─── Available data ───

lemma subgaussian_variance_le:
  fixes Z :: "'a \<Rightarrow> real" and a \<theta> :: real
  assumes "prob_space M" "integrable M Z" "0 < a" "0 < \<theta>"
    and "\<And>t. 0 \<le> t \<Longrightarrow>
           measure M {x \<in> space M. t \<le> \<bar>Z x - (\<integral>y. Z y \<partial>M)\<bar>} \<le> 2 * exp (- (t\<^sup>2 * \<theta>\<^sup>2) / 2)"
  defines "E \<equiv> exp (- (a\<^sup>2 * \<theta>\<^sup>2) / 2)"
  shows "(\<integral>y. (Z y - (\<integral>z. Z z \<partial>M))\<^sup>2 \<partial>M)
       \<le> 2 * a\<^sup>2 * measure M {x \<in> space M. (\<integral>y. Z y \<partial>M) \<le> Z x}
         + (6 * a\<^sup>2 * E + (4 * E / \<theta>\<^sup>2 + 4 * a * exp (1 / 2) * E / \<theta>))"
proof -
  interpret prob_space M
    by fact
  define D where "D = (\<lambda>x. Z x - (\<integral>y. Z y \<partial>M))"
  have "integrable M D" "(\<integral>x. D x \<partial>M) = 0"
    using assms(2) by (simp_all add: D_def prob_space)
  have bound_nonneg: "0 \<le> 2 * a\<^sup>2 * measure M {x \<in> space M. (\<integral>y. Z y \<partial>M) \<le> Z x}
         + (6 * a\<^sup>2 * E + (4 * E / \<theta>\<^sup>2 + 4 * a * exp (1 / 2) * E / \<theta>))"
    using assms(3,4) by (simp add: E_def)
  show ?thesis
  proof (cases "integrable M (\<lambda>x. (D x)\<^sup>2)")
    case True
    have "{x \<in> space M. 0 \<le> D x} = {x \<in> space M. (\<integral>y. Z y \<partial>M) \<le> Z x}"
      by (auto simp: D_def)
    then show ?thesis
      using second_moment_le_split[OF assms(1) \<open>integrable M D\<close> True \<open>(\<integral>x. D x \<partial>M) = 0\<close> assms(3)]
        subgaussian_truncated_moment_le[OF assms(1) _ assms(3,4), of D] assms(5) \<open>integrable M D\<close>
      by (simp add: D_def E_def)
  next
    case False
    then show ?thesis
      using bound_nonneg by (simp add: D_def not_integrable_integral_eq)
  qed
qed

lemma exp_half_constant_le:
  fixes \<kappa> :: real
  assumes "0 < \<kappa>"
  shows "3 + 2 / \<kappa>\<^sup>2 + 2 * exp (1 / 2) / \<kappa> \<le> 2 * (1 + sqrt 2 + sqrt (2 * pi) / \<kappa> + 1 / \<kappa>\<^sup>2)"
proof -
  have "2 \<le> sqrt (2 * pi)"
    using pi_gt3 by (intro real_le_rsqrt) simp
  then have "2 * exp (1 / 2) / \<kappa> \<le> 2 * sqrt (2 * pi) / \<kappa>"
    using exp_half_le2 assms by (intro divide_right_mono) auto
  moreover have "1 \<le> sqrt 2"
    by simp
  moreover have "2 * (1 + sqrt 2 + sqrt (2 * pi) / \<kappa> + 1 / \<kappa>\<^sup>2)
      = 2 + 2 * sqrt 2 + 2 * sqrt (2 * pi) / \<kappa> + 2 / \<kappa>\<^sup>2"
    by (simp add: algebra_simps)
  ultimately show ?thesis
    by linarith
qed

theorem corollary3:
  fixes M :: "'a measure" and Z :: "'a \<Rightarrow> real" and \<theta> \<kappa> :: real
  assumes "prob_space M"
    and "Z \<in> borel_measurable M"
    and "integrable M Z"
    and "\<theta> > 0"
    and "\<And>\<xi>. \<xi> \<ge> 0 \<Longrightarrow>
           measure M {x \<in> space M. \<bar>Z x - (\<integral>y. Z y \<partial>M)\<bar> \<ge> \<xi>} \<le> 2 * exp (- (\<xi>\<^sup>2 * \<theta>\<^sup>2) / 2)"
    and "\<kappa> > 0"
  shows "measure M {x \<in> space M. Z x \<ge> (\<integral>y. Z y \<partial>M)}
         \<ge> \<theta>\<^sup>2 * (\<integral>y. (Z y - (\<integral>z. Z z \<partial>M))\<^sup>2 \<partial>M) / (2 * \<kappa>\<^sup>2)
           - 2 * exp (- (\<kappa>\<^sup>2) / 2) * (1 + sqrt 2 + sqrt (2 * pi) / \<kappa> + 1 / \<kappa>\<^sup>2)"
proof -
  define V where "V = (\<integral>y. (Z y - (\<integral>z. Z z \<partial>M))\<^sup>2 \<partial>M)"
  define p where "p = measure M {x \<in> space M. Z x \<ge> (\<integral>y. Z y \<partial>M)}"
  define E where "E = exp (- (\<kappa>\<^sup>2) / 2)"
  have "(\<kappa> / \<theta>)\<^sup>2 * \<theta>\<^sup>2 = \<kappa>\<^sup>2"
    using assms(4) by (simp add: power_divide)
  then have "V \<le> 2 * (\<kappa> / \<theta>)\<^sup>2 * p + (6 * (\<kappa> / \<theta>)\<^sup>2 * E + (4 * E / \<theta>\<^sup>2 + 4 * (\<kappa> / \<theta>) * exp (1 / 2) * E / \<theta>))"
    using subgaussian_variance_le[OF assms(1,3) _ assms(4), of "\<kappa> / \<theta>"] assms(4-6)
    by (simp add: V_def p_def E_def)
  then have "\<theta>\<^sup>2 * V / (2 * \<kappa>\<^sup>2) \<le> p + E * (3 + 2 / \<kappa>\<^sup>2 + 2 * exp (1 / 2) / \<kappa>)"
    using assms(4,6) by (simp add: field_simps power2_eq_square)
  also have "\<dots> \<le> p + E * (2 * (1 + sqrt 2 + sqrt (2 * pi) / \<kappa> + 1 / \<kappa>\<^sup>2))"
    using exp_half_constant_le[OF assms(6)] by (simp add: E_def)
  finally show ?thesis
    by (simp add: V_def p_def E_def algebra_simps)
qed

end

───

** Required work **
The answer must consist of every line from the data that contains the word "lambda".

** Output below **
  define D where "D = (\<lambda>x. Z x - (\<integral>y. Z y \<partial>M))"
  proof (cases "integrable M (\<lambda>x. (D x)\<^sup>2)")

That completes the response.